The big increase in clients seeking services for financial reasons came in the aftermath of the economy’s dramatic plunge three years ago, social service directors say. Around that time, local agencies were hit with a wave of Jewish clients seeking their services for financial reasons. In the past week, Fedder said, she noted an increase in calls from individuals seeking help for financial problems, and all directors interviewed noted an increase in anxiety.

Faith O’Connor, information, referral, aid and advocacy coordinator for JFS of Bergen and North Hudson, said, “The anxiety levels and depression levels are skyrocketing.”

“It’s been ongoing, but more so in the last six months,” she added. “‘Til then, people were getting unemployment benefits. Now that’s run out and it’s ‘What do I do?’ People are going to the board of social services for food stamps who never in their lives thought they’d need that kind of help. There is high demand on whatever small help exists for rent assistance and utility assistance.”
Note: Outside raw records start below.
lemma zeta_Phi_bounds:
  assumes "p \<in> Gamma n" "q \<in> Gamma n" "0 < r"
    and ratio: "\<And>i. i < n \<Longrightarrow> r \<le> p i / q i \<and> p i / q i \<le> R"
    and curv: "\<And>y. r \<le> y \<Longrightarrow> y \<le> R \<Longrightarrow>
      m \<le> curv_ratio s t y \<and> curv_ratio s t y \<le> M"
  shows "m * Phi n t p q \<le> zeta n s q p \<and> zeta n s q p \<le> M * Phi n t p q"
proof -
  have pos: "0 < p i \<and> 0 < q i" if "i < n" for i
    using assms(1,2) that by (auto simp: Gamma_def)
  then have "q i \<noteq> 0" if "i < n" for i
    using that by fastforce
  then have mean: "(\<Sum>i<n. q i * (p i / q i)) = (\<Sum>i<n. q i)"
    using assms(1,2) by (simp add: Gamma_def)
  have "r * q i \<le> p i \<and> p i \<le> R * q i" if "i < n" for i
    using ratio[OF that] pos[OF that] by (simp add: pos_le_divide_eq pos_divide_le_eq)
  then have "r * (\<Sum>i<n. q i) \<le> (\<Sum>i<n. p i)
      \<and> (\<Sum>i<n. p i) \<le> R * (\<Sum>i<n. q i)"
    by (auto simp: sum_distrib_left intro!: sum_mono)
  then have one: "1 \<in> {r..R}"
    using assms(1,2) by (simp add: Gamma_def)
  have y_pos: "0 < y" if "y \<in> {r..R}" for y
    using assms(3) that by simp
  note derivs = Phi_gen_deriv Phi_gen'_deriv zeta_gen_deriv zeta_gen'_deriv
  have "(\<Sum>i<n. q i * (m * Phi_gen t (p i / q i)))
      \<le> (\<Sum>i<n. q i * zeta_gen s (p i / q i))"
  proof (rule weighted_sum_mono_second_deriv[where C = "{r..R}"
        and A' = "\<lambda>y. m * Phi_gen' t y" and A'' = "\<lambda>y. m * y powr (t - 2)"])
    show "m * y powr (t - 2) \<le> zeta_gen'' s y" if "y \<in> {r..R}" for y
      using curv that y_pos[OF that]
      by (simp add: zeta_gen''_eq_curv_ratio[where t = t] mult_right_mono)
  qed (use one mean ratio pos y_pos in
        \<open>auto intro!: derivs DERIV_cmult simp: less_imp_le\<close>)
  moreover have "(\<Sum>i<n. q i * zeta_gen s (p i / q i))
      \<le> (\<Sum>i<n. q i * (M * Phi_gen t (p i / q i)))"
  proof (rule weighted_sum_mono_second_deriv[where C = "{r..R}"
        and B' = "\<lambda>y. M * Phi_gen' t y" and B'' = "\<lambda>y. M * y powr (t - 2)"])
    show "zeta_gen'' s y \<le> M * y powr (t - 2)" if "y \<in> {r..R}" for y
      using curv that y_pos[OF that]
      by (simp add: zeta_gen''_eq_curv_ratio[where t = t] mult_right_mono)
  qed (use one mean ratio pos y_pos in
        \<open>auto intro!: derivs DERIV_cmult simp: less_imp_le\<close>)
  ultimately show ?thesis
    using Phi_eq_sum_Phi_gen[OF assms(1,2)] zeta_eq_sum_zeta_gen[of n p q] pos
    by (simp add: sum_distrib_left mult.left_commute)
qed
Other agency directors reinforced this picture of client anxiety.

“There’s a lot of uncertainty [among clients] around what is going to happen regarding possible entitlement reductions,” said Reuben Rotman, executive director of Jewish Family Service of MetroWest in Florham Park serving Essex, Morris, North Union, and Lower Hudson counties. “Things are so up in the air politically [and] people can’t even contemplate what that will mean.”

Fedder said, “In the last month, as the budget discussion became so public, no one knew what would happen with benefits and entitlements.”
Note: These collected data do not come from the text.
lemma defines_order_rigid_colouring:
  assumes G: "is_graph (V, E)" "V \<noteq> {}" and ord: "defines_order \<phi> K" "inc_struct (V, E) \<in> K"
  shows "\<exists>col. colours_in (to_nat ` {xs :: bool list. length xs = card (free_set_vars \<phi>)}) V E col \<and>
    rigid V E col"
proof -
  obtain A R where AR: "inc_struct (V, E) = (A, R)" by fastforce
  have "A \<noteq> {}" using AR G(2) by (auto simp: inc_struct_def)
  then obtain P where PA: "\<forall>i. P i \<subseteq> A"
    and lin: "linear_order_on A {(a, b). a \<in> A \<and> b \<in> A \<and> sat A R (\<lambda>i. if i = 0 then a else b) P \<phi>}"
    using ord AR unfolding defines_order_def by fastforce
  have fin_A: "finite A" using AR G(1) is_graph_Pow finite_subset by (fastforce simp: inc_struct_def is_graph_def)
  define Ls where "Ls = sorted_list_of_set (free_set_vars \<phi>)"
  have Ls: "set Ls = free_set_vars \<phi>" "length Ls = card (free_set_vars \<phi>)"
    using finite_free_set_vars by (simp_all add: Ls_def)
  define col where "col x = to_nat (map (\<lambda>j. x \<in> P j) Ls)" for x
  have "rigid V E col"
    unfolding rigid_def
  proof (intro allI impI ballI)
    fix f v assume f: "coloured_aut V E col f" and v: "v \<in> V"
    define \<sigma> where "\<sigma> = map_sum f ((`) f)"
    note \<sigma> = incidence_automorphism[OF G(1) f AR, folded \<sigma>_def]
    have "\<sigma> ` P j = P j" if "j \<in> free_set_vars \<phi>" for j
    proof (rule bij_betw_invariant_image[OF \<sigma>(1) PA[rule_format]], intro ballI)
      fix x assume "x \<in> A"
      then have "map (\<lambda>j. \<sigma> x \<in> P j) Ls = map (\<lambda>j. x \<in> P j) Ls" using \<sigma>(3) by (simp add: col_def)
      then show "\<sigma> x \<in> P j \<longleftrightarrow> x \<in> P j" using that Ls(1) by (simp add: map_eq_conv)
    qed
    moreover have "Inl v \<in> A" using AR v by (auto simp: inc_struct_def)
    ultimately have "\<sigma> (Inl v) = Inl v"
      using defined_order_automorphism_id[OF fin_A PA lin \<sigma>(1,2)] by blast
    then show "f v = v" by (simp add: \<sigma>_def)
  qed
  moreover have "colours_in (to_nat ` {xs :: bool list. length xs = card (free_set_vars \<phi>)}) V E col"
    using Ls(2) by (simp add: colours_in_def col_def)
  ultimately show ?thesis by blast
qed

lemma orderable_bounded_size:
  fixes C :: "'v graph set"
  assumes C: "\<forall>G\<in>C. is_graph G \<and> depth_tw_le n k G" and ord: "defines_order \<phi> (inc_struct ` C)"
  shows "\<exists>N. \<forall>G\<in>C. card (fst G) \<le> N"
proof -
  let ?K = "to_nat ` {xs :: bool list. length xs = card (free_set_vars \<phi>)}"
  have "finite ?K" using finite_lists_length_eq[of "UNIV :: bool set"] by simp
  then obtain N where N: "\<forall>(V :: 'v set) E col. finite V \<and> sep_dec n k V E \<and> colours_in ?K V E col \<and>
    rigid V E col \<longrightarrow> card V \<le> N"
    using rigid_sep_dec_bounded by blast
  have "card V \<le> N" if GC: "(V, E) \<in> C" for V E
  proof (cases "V = {}")
    case False
    have G: "is_graph (V, E)" "depth_tw_le n k (V, E)" using C GC by auto
    then have "sep_dec n k V E" using tree_decomposition_sep_dec by (auto simp: depth_tw_le_def)
    moreover obtain col where "colours_in ?K V E col" "rigid V E col"
      using defines_order_rigid_colouring[OF G(1) False ord] GC by blast
    moreover have "finite V" using G(1) by (simp add: is_graph_def)
    ultimately show ?thesis using N by blast
  qed simp
  then show ?thesis by (metis prod.collapse)
qed

text \<open>Graphs of bounded order fall into finitely many isomorphism classes: each is isomorphic
  to a graph on an initial segment of the naturals.\<close>
lemma bounded_size_finite_upto_iso:
  assumes "\<forall>G\<in>C. is_graph G \<and> card (fst G) \<le> N"
  shows "finite_upto_iso (C :: nat graph set)"
  unfolding finite_upto_iso_def
proof (intro exI conjI ballI)
  show "finite (Pow {0..<N} \<times> Pow (Pow {0..<N}))" by simp
next
  fix G assume G: "G \<in> C"
  obtain V E where GVE: "G = (V, E)" by (cases G)
  have gr: "is_graph (V, E)" and cV: "card V \<le> N" using assms G GVE by auto
  have finV: "finite V" and EV: "E \<subseteq> Pow V" using gr is_graph_Pow by (auto simp: is_graph_def)
  obtain \<beta> where \<beta>: "bij_betw \<beta> V {0..<card V}" using ex_bij_betw_finite_nat[OF finV] by blast
  have inj: "inj_on \<beta> V" and \<beta>V: "\<beta> ` V = {0..<card V}" using \<beta> by (auto simp: bij_betw_def)
  define H where "H = ({0..<card V}, (`) \<beta> ` E)"
  have "\<beta> ` e \<subseteq> {0..<N}" if "e \<in> E" for e
  proof -
    have "\<beta> ` e \<subseteq> \<beta> ` V" using EV that by (intro image_mono) blast
    then show ?thesis using \<beta>V cV by auto
  qed
  then have "H \<in> Pow {0..<N} \<times> Pow (Pow {0..<N})" using cV by (auto simp: H_def)
  moreover have "graph_iso G H"
    unfolding graph_iso_def GVE H_def fst_conv snd_conv
  proof (intro exI conjI ballI)
    fix u v assume uv: "u \<in> V" "v \<in> V"
    show "{u, v} \<in> E \<longleftrightarrow> {\<beta> u, \<beta> v} \<in> (`) \<beta> ` E"
    proof
      assume "{u, v} \<in> E"
      then show "{\<beta> u, \<beta> v} \<in> (`) \<beta> ` E" by (metis image_empty image_insert image_eqI)
    next
      assume "{\<beta> u, \<beta> v} \<in> (`) \<beta> ` E"
      then obtain e where e: "e \<in> E" "\<beta> ` e = \<beta> ` {u, v}" by auto
      moreover have "e \<subseteq> V" "{u, v} \<subseteq> V" using EV e(1) uv by auto
      ultimately show "{u, v} \<in> E" using inj_on_image_eq_iff[OF inj] by metis
    qed
  qed (rule \<beta>)
  ultimately show "\<exists>H\<in>Pow {0..<N} \<times> Pow (Pow {0..<N}). graph_iso G H" by blast
qed

text \<open>The formula \<open>\<And>j<M. x\<^sub>1 \<in> Z\<^sub>j \<longrightarrow> x\<^sub>0 \<in> Z\<^sub>j\<close>: with \<open>Z\<^sub>j\<close> the first \<open>j + 1\<close> elements of
  an enumeration, it defines that enumeration's order on every structure of size at most \<open>M\<close>.\<close>
fun conjs :: "mso list \<Rightarrow> mso" where
  "conjs [] = Eq 0 0"
| "conjs (\<phi> # \<phi>s) = Conj \<phi> (conjs \<phi>s)"

definition prefix_order :: "nat \<Rightarrow> mso" where
  "prefix_order M = conjs (map (\<lambda>j. Neg (Conj (Mem 1 j) (Neg (Mem 0 j)))) [0..<M])"

lemma sat_conjs: "sat A R f F (conjs \<phi>s) \<longleftrightarrow> (\<forall>\<phi>\<in>set \<phi>s. sat A R f F \<phi>)"
  by (induction \<phi>s) auto

lemma free1_conjs: "\<forall>\<phi>\<in>set \<phi>s. free1 \<phi> \<subseteq> {0, 1} \<Longrightarrow> free1 (conjs \<phi>s) \<subseteq> {0, 1}"
  by (induction \<phi>s) auto

lemma sat_prefix_order: "sat A R f P (prefix_order M) \<longleftrightarrow> (\<forall>j<M. f 1 \<in> P j \<longrightarrow> f 0 \<in> P j)"
  by (auto simp: prefix_order_def sat_conjs)

lemma free1_prefix_order: "free1 (prefix_order M) \<subseteq> {0, 1}"
  unfolding prefix_order_def by (rule free1_conjs) auto

lemma prefix_order_linear:
  assumes "finite A" "card A \<le> M"
  shows "\<exists>P. (\<forall>i. P i \<subseteq> A) \<and>
    linear_order_on A {(a, b). a \<in> A \<and> b \<in> A \<and> sat A R (\<lambda>i. if i = 0 then a else b) P (prefix_order M)}"
proof -
  obtain \<beta> where \<beta>: "bij_betw \<beta> A {0..<card A}" using ex_bij_betw_finite_nat[OF assms(1)] by blast
  define P where "P j = {a\<in>A. \<beta> a \<le> j}" for j
  have "(\<forall>j<M. b \<in> P j \<longrightarrow> a \<in> P j) \<longleftrightarrow> \<beta> a \<le> \<beta> b" if ab: "a \<in> A" "b \<in> A" for a b
  proof
    assume "\<forall>j<M. b \<in> P j \<longrightarrow> a \<in> P j"
    moreover have "\<beta> b < M" using bij_betw_apply[OF \<beta> ab(2)] assms(2) by simp
    ultimately show "\<beta> a \<le> \<beta> b" using ab by (simp add: P_def)
  qed (use ab in \<open>simp add: P_def\<close>)
  then have L: "{(a, b). a \<in> A \<and> b \<in> A \<and> sat A R (\<lambda>i. if i = 0 then a else b) P (prefix_order M)} =
      {(a, b). a \<in> A \<and> b \<in> A \<and> \<beta> a \<le> \<beta> b}"
    by (auto simp: sat_prefix_order)
  have "inj_on \<beta> A" using \<beta> by (rule bij_betw_imp_inj_on)
  then have "linear_order_on A {(a, b). a \<in> A \<and> b \<in> A \<and> \<beta> a \<le> \<beta> b}"
    unfolding linear_order_on_def partial_order_on_def preorder_on_def
    by (auto simp: refl_on_def trans_def antisym_def total_on_def inj_on_eq_iff)
  then have "linear_order_on A
      {(a, b). a \<in> A \<and> b \<in> A \<and> sat A R (\<lambda>i. if i = 0 then a else b) P (prefix_order M)}"
    unfolding L .
  moreover have "\<forall>i. P i \<subseteq> A" by (simp add: P_def)
  ultimately show ?thesis by blast
qed

text \<open>Conversely, a class that is finite up to isomorphism has bounded incidence structures,
  so the prefix formula orders all of them.\<close>
lemma finite_upto_iso_orderable:
  fixes C :: "'v graph set"
  assumes C: "\<forall>G\<in>C. is_graph G" and fin: "finite_upto_iso C"
  shows "MSO2_orderable C"
proof -
  obtain F :: "'v graph set" where F: "finite F" "\<forall>G\<in>C. \<exists>H\<in>F. graph_iso G H"
    using fin by (auto simp: finite_upto_iso_def)
  define M where "M = (\<Sum>H\<in>F. card (fst H) + 2 ^ card (fst H))"
  have bound: "card (fst (inc_struct (V, E))) \<le> M" if GC: "(V, E) \<in> C" for V E
  proof -
    obtain H where H: "H \<in> F" "graph_iso (V, E) H" using F GC by blast
    have "card V = card (fst H)" using H(2) by (auto simp: graph_iso_def bij_betw_same_card)
    moreover have "is_graph (V, E)" using C GC by blast
    ultimately have "card (fst (inc_struct (V, E))) \<le> card (fst H) + 2 ^ card (fst H)"
      using is_graph_card_inc_struct by metis
    also have "\<dots> \<le> M" unfolding M_def using H F by (intro member_le_sum) auto
    finally show ?thesis .
  qed
  have finite: "finite (fst (inc_struct (V, E)))" if GC: "(V, E) \<in> C" for V E
  proof -
    have "is_graph (V, E)" using C GC by blast
    then have "finite V" "E \<subseteq> Pow V" using is_graph_Pow by (auto simp: is_graph_def)
    then show ?thesis by (auto simp: inc_struct_def intro: finite_subset)
  qed
  have "defines_order (prefix_order M) (inc_struct ` C)"
    unfolding defines_order_def
  proof (intro conjI free1_prefix_order ballI)
    fix AR assume "AR \<in> inc_struct ` C"
    then obtain V E where GC: "(V, E) \<in> C" and AR: "AR = inc_struct (V, E)" by auto
    obtain A R where "AR = (A, R)" by fastforce
    then show "case AR of (A, R) \<Rightarrow> A \<noteq> {} \<longrightarrow> (\<exists>P. (\<forall>i. P i \<subseteq> A) \<and>
        linear_order_on A {(a, b). a \<in> A \<and> b \<in> A \<and> sat A R (\<lambda>i. if i = 0 then a else b) P (prefix_order M)})"
      using prefix_order_linear[OF finite[OF GC] bound[OF GC]] AR by simp
  qed
  then show ?thesis unfolding MSO2_orderable_def by blast
qed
There “was genuine anxiety,” she said, over such issues as “whether Social Security checks would go out.”

While she noted that the greatest increase in calls for help from clients with financial issues started in the summer of 2008, Fedder said last week that she saw a slight increase in such calls.
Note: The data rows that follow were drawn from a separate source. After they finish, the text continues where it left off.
lemma t_eq:
  assumes "1 \<le> r" "r \<le> k"
  shows "t (q * k + r) k = int (k ^ 2 * (Suc q choose 2) + r * (Suc q * k))"
proof -
  define Q where "Q = (q * k + r) div k"
  have two_C: "k ^ 2 * (q * Suc q) = 2 * (k ^ 2 * (Suc q choose 2))"
    using two_mult_Suc_choose_two[of q] by simp
  have "(q * k + r) * Suc Q * k = (Suc Q choose 2) * k ^ 2 + (k ^ 2 * (Suc q choose 2) + r * (Suc q * k))"
  proof (cases "r = k")
    case True
    then have "Q = Suc q" using assms unfolding Q_def by simp
    with True show ?thesis
      using two_C Suc_choose_two[of "Suc q"] by (simp add: power2_eq_square algebra_simps)
  next
    case False
    then have "Q = q" using assms unfolding Q_def by simp
    then show ?thesis
      using two_C by (simp add: power2_eq_square algebra_simps)
  qed
  then have "int ((q * k + r) * Suc Q * k) - int ((Suc Q choose 2) * k ^ 2)
      = int (k ^ 2 * (Suc q choose 2) + r * (Suc q * k))"
    by simp
  then show ?thesis unfolding t_def Q_def by (simp add: algebra_simps)
qed

lemma b_ge_flat_top:
  assumes r: "1 \<le> r" "r \<le> k" and spread: "r < k \<or> d mod r = 0"
  shows "q * k + r \<le> b (k ^ 2 * (Suc q choose 2) + r * (Suc q * k) + d) k"
proof -
  define W where "W = Suc q * k + d div r"
  define p where "p = d mod r"
  define B where "B = replicate p (Suc W) @ replicate (r - p) W"
  have p: "p < r" using r unfolding p_def by simp
  have B: "length B = r" "sorted_wrt (\<ge>) B" "\<forall>x\<in>set B. W \<le> x \<and> x \<le> W + 1"
    using p unfolding B_def by (auto simp: sorted_wrt_append)
  have W: "k \<le> W" "\<forall>y\<in>set (staircase k q). y + k \<le> W"
    using staircase_le[of k q] unfolding W_def by auto
  have B_spread: "\<forall>x\<in>set B. \<forall>z\<in>set B. x \<le> z + (k - length B)"
  proof (cases "r < k")
    case True
    have "x \<le> z + (k - length B)" if "x \<in> set B" "z \<in> set B" for x z
    proof -
      have "x \<le> W + 1" "W \<le> z" using B(3) that by auto
      then show ?thesis using True B(1) by linarith
    qed
    then show ?thesis by blast
  next
    case False
    then have "B = replicate r W" using spread unfolding B_def p_def by simp
    then show ?thesis by simp
  qed
  have "length B + alpha k (staircase k q) \<le> alpha k (B @ staircase k q)"
    by (intro alpha_append_flat_block B_spread) (use B W r in \<open>fastforce simp: sorted_staircase\<close>)+
  moreover have "B @ staircase k q \<in> partitions (k ^ 2 * (Suc q choose 2) + r * (Suc q * k) + d)"
  proof -
    have "sum_list B = r * W + p" using p by (simp add: B_def sum_list_replicate algebra_simps)
    also have "\<dots> = r * (Suc q * k) + d"
      unfolding W_def p_def by (simp add: algebra_simps)
    finally have "sum_list (B @ staircase k q) = k ^ 2 * (Suc q choose 2) + r * (Suc q * k) + d"
      by (simp add: sum_list_staircase)
    moreover have "sorted_wrt (\<ge>) (B @ staircase k q)"
      using B W sorted_staircase[of k q] by (fastforce simp: sorted_wrt_append)
    moreover have "0 \<notin> set B" using B W r by fastforce
    ultimately show ?thesis using staircase_pos[of k q] by (simp add: partitions_def)
  qed
  ultimately show ?thesis
    using alpha_staircase[of q k] alpha_le_b[of _ _ k] B(1) by fastforce
qed

lemma b_ge_long_top_row:
  assumes r: "1 \<le> r" "r \<le> k" and d: "k \<le> d"
  shows "q * k + r \<le> b (k ^ 2 * (Suc q choose 2) + r * (Suc q * k) + d) k"
proof -
  define W where "W = Suc q * k"
  define lam where "lam = replicate (r - 1) W @ staircase k q"
  have W: "1 \<le> W" "k \<le> W" "\<forall>y\<in>set (staircase k q). y + k \<le> W"
    using r staircase_le[of k q] unfolding W_def by auto
  have lam: "sorted_wrt (\<ge>) lam" "\<forall>y\<in>set lam. 0 < y \<and> y \<le> W"
    using W sorted_staircase[of k q] staircase_pos[of k q] unfolding lam_def
    by (auto simp: sorted_wrt_append) (metis add_leD1 neq0_conv)+
  have "r - 1 + alpha k (staircase k q) \<le> alpha k lam"
    using r W unfolding lam_def by (intro alpha_append_replicate) (auto simp: sorted_staircase)
  moreover have "1 + alpha k lam \<le> alpha k (replicate 1 (W + d) @ lam)"
    using lam d r W by (intro alpha_append_replicate) auto
  moreover have "(W + d) # lam \<in> partitions (k ^ 2 * (Suc q choose 2) + r * (Suc q * k) + d)"
  proof -
    have "W + (r - 1) * W = r * W" using r by (cases r) simp_all
    then have "sum_list ((W + d) # lam) = k ^ 2 * (Suc q choose 2) + r * (Suc q * k) + d"
      by (simp add: lam_def sum_list_replicate sum_list_staircase W_def)
    then show ?thesis using lam W by (auto simp: partitions_def)
  qed
  ultimately show ?thesis
    using alpha_staircase[of q k] alpha_le_b[of _ _ k] r by fastforce
qed

lemma b_ge_shifted_staircase:
  assumes d: "1 \<le> d" "d < k"
  shows "s * k \<le> b (k ^ 2 * (Suc s choose 2) + d) k"
proof -
  obtain rest where rest: "shifted_staircase k d s = (s * k + d) # rest" "sorted_wrt (\<ge>) rest"
    "\<forall>y\<in>set rest. 0 < y \<and> y \<le> s * k"
    using shifted_staircase_shape[OF d] by blast
  then have "shifted_staircase k d s \<in> partitions (k ^ 2 * (Suc s choose 2) + d)"
    using sum_list_shifted_staircase[OF d(2), of s] d by (auto simp: partitions_def)
  from alpha_le_b[OF this, of k] show ?thesis
    using alpha_shifted_staircase[OF d, of s] by linarith
qed

lemma b_ge_threshold:
  assumes r: "1 \<le> r" "r \<le> k"
  shows "q * k + r \<le> b (k ^ 2 * (Suc q choose 2) + r * (Suc q * k) + d) k"
proof -
  consider (flat) "r < k \<or> d mod r = 0" | (long) "k \<le> d" | (shifted) "r = k" "1 \<le> d" "d < k"
    using r by fastforce
  then show ?thesis
  proof cases
    case flat
    then show ?thesis using r by (rule b_ge_flat_top[rotated 2])
  next
    case long
    then show ?thesis using r by (rule b_ge_long_top_row[rotated 2])
  next
    case shifted
    have "k ^ 2 * (Suc q choose 2) + r * (Suc q * k) = k ^ 2 * (Suc (Suc q) choose 2)"
      using shifted Suc_choose_two[of "Suc q"] by (simp add: power2_eq_square algebra_simps)
    with b_ge_shifted_staircase[of d k "Suc q"] shifted show ?thesis by simp
  qed
qed

theorem theorem4p2:
  fixes m k n :: nat
  assumes "k \<ge> 1" and "int n \<ge> t m k"
  shows "b n k \<ge> m"
proof (cases "m = 0")
  case False
  obtain q r where m: "m = q * k + r" and r: "1 \<le> r" "r \<le> k"
  proof (cases "m mod k = 0")
    case True
    then have "m = m div k * k" using div_mult_mod_eq[of m k] by simp
    moreover obtain q where "m div k = Suc q" using False calculation by (cases "m div k") auto
    ultimately have "m = q * k + k" by simp
    with that assms(1) show ?thesis by blast
  next
    case False
    then show ?thesis using that[of "m div k" "m mod k"] assms(1) by simp
  qed
  define T where "T = k ^ 2 * (Suc q choose 2) + r * (Suc q * k)"
  have "n = T + (n - T)"
    using assms(2) t_eq[OF r, of q] unfolding m T_def by linarith
  then show ?thesis using b_ge_threshold[OF r, of q "n - T"] m unfolding T_def by metis
qed simp

end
“Three years ago, we got 130 to 150 calls a month around financial issues,” she said. “Then by early 2009, we were getting 230, 240 a month, then 250 a month, which was a huge increase.”

That trend has continued for approximately three years, said Fedder, who added that “last week alone, we got 60 calls” related to financial issues, which could reflect a slight, if not statistically significant, increase. She said she noted an increase in anxiety among clients that she speculated might stem from the frenzied stock market fluctuations.

One trend all directors interviewed noted is growth in poverty among the formerly middle class.

“Three years ago, people who were donors, making contributions of $180 or $360 a year, started coming in, a little regretfully, as clients,” Fedder said. When you think of people in need, she said, you do not think of “the mainstream American family, but we are seeing those families.”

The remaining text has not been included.